lemma homotopy_section_TC_G_imp_homotopic:
  assumes "1 \<le> k"
    and "has_homotopy_section (multipath_space G act X k) (prod_topology X X)
           (\<lambda>\<gamma>. (\<gamma> 0 0, \<gamma> (k - 1) 1)) V"
  shows "homotopic_with (\<lambda>_. True) (subtopology (prod_topology X X) V) (orbit_space G act X)
           (orbit G act \<circ> fst) (orbit G act \<circ> snd)"
proof -
  let ?Z = "subtopology (prod_topology X X) V" and ?Q = "orbit_space G act X"
  obtain \<sigma> where \<sigma>: "continuous_map ?Z (multipath_space G act X k) \<sigma>"
    and ends_id: "homotopic_with (\<lambda>_. True) ?Z (prod_topology X X) (\<lambda>z. (\<sigma> z 0 0, \<sigma> z (k - 1) 1)) id"
    using assms(2) by (auto simp: has_homotopy_section_def o_def)
  have "homotopic_with (\<lambda>_. True) ?Z ?Q (orbit G act \<circ> fst) (\<lambda>z. orbit G act (\<sigma> z 0 0))"
    using homotopic_with_compose_continuous_map_left
      [OF ends_id continuous_map_compose [OF continuous_map_fst continuous_map_orbit [of X G act]]]
    by (simp add: o_def homotopic_with_sym)
  moreover have "homotopic_with (\<lambda>_. True) ?Z ?Q
                   (\<lambda>z. orbit G act (\<sigma> z 0 0)) (\<lambda>z. orbit G act (\<sigma> z (k - 1) 1))"
    using homotopic_orbit_multipath_ends [OF \<sigma>] assms(1) by simp
  moreover have "homotopic_with (\<lambda>_. True) ?Z ?Q (\<lambda>z. orbit G act (\<sigma> z (k - 1) 1)) (orbit G act \<circ> snd)"
    using homotopic_with_compose_continuous_map_left
      [OF ends_id continuous_map_compose [OF continuous_map_snd continuous_map_orbit [of X G act]]]
    by (simp add: o_def)
  ultimately show ?thesis
    by (meson homotopic_with_trans)
qed
text \<open>Put \<open>e\<^sub>j = f\<^sub>j\<close> and \<open>M = I + (e\<^sub>i e\<^sub>j / (k\<^sub>i + k\<^sub>j))\<close>. Then \<open>W\<^sub>1 = det M = \<tau>\<close>, and Cramer's rule turns
  \<open>W\<^sub>2 / W\<^sub>1\<close> into the components of \<open>\<phi> = M\<^sup>-\<^sup>1 e\<close>. The Cauchy matrix \<open>1 / (k\<^sub>i + k\<^sub>j)\<close> is a Gram
  matrix, so \<open>M\<close> is positive definite: \<open>\<tau> > 0\<close> and \<open>|M\<^sup>-\<^sup>1 y| \<le> |y|\<close>. Since \<open>e\<^sub>j\<close> is an exponential in
  \<open>x\<close> and \<open>t\<close>, the derivatives of \<open>M\<close> are again of Cauchy type, and differentiating \<open>M \<phi> = e\<close>
  gives \<open>(ln \<tau>)\<^sub>x = \<Sum> e\<^sub>j \<phi>\<^sub>j\<close>, \<open>u = 4 \<Sum> k\<^sub>j \<phi>\<^sub>j\<^sup>2\<close>, \<open>\<phi>\<^sub>x\<^sub>x = (k\<^sup>2 - u) \<phi>\<close> and \<open>u\<^sub>t = \<partial>(4 \<Sum> \<omega>\<^sub>j \<phi>\<^sub>j\<^sup>2)\<close>, the
  symmetry of \<open>M\<close> exchanging the roles of \<open>x\<close> and \<open>t\<close>. All these quantities are \<open>O(\<Sum> e\<^sub>j\<^sup>2)\<close>
  as \<open>x \<rightarrow> -\<infinity>\<close>, so the integrals \<open>\<partial>\<^sup>-\<^sup>1\<close> converge without boundary terms; this yields
  \<open>L(\<phi>\<^sub>i\<^sup>2) = -k\<^sub>i\<^sup>2 \<phi>\<^sub>i\<^sup>2\<close> and \<open>L 1 = -u/2\<close>, hence \<open>b\<^sub>m\<^sub>+\<^sub>2 = -2 \<Sum> k\<^sub>i (-k\<^sub>i\<^sup>2)\<^sup>m \<phi>\<^sub>i\<^sup>2\<close>. With
  \<open>\<omega>\<^sub>j = (-1)\<^sup>n k\<^sub>j\<^sup>2\<^sup>n\<^sup>+\<^sup>1 - \<alpha>/2\<close> the time evolution is the stated flow.\<close>

section \<open>Determinants\<close>

lemma det_mat_eq_sum_permutes:
  "det (mat n n (\<lambda>(i,j). B i j)) = (\<Sum>p | p permutes {0..<n}. signof p * (\<Prod>i=0..<n. B i (p i)))"
proof -
  have "p i < n" if "p permutes {0..<n}" "i < n" for p i
    using permutes_in_image[OF that(1)] that(2) by simp
  then show ?thesis
    by (subst det_def'[of _ n]) (auto intro!: sum.cong prod.cong)
qed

+ + +

== EXERCISE PROMPT ==
Give the number of lines in the data that contain "have", with no other words.

== WRITTEN SOLUTION ==
4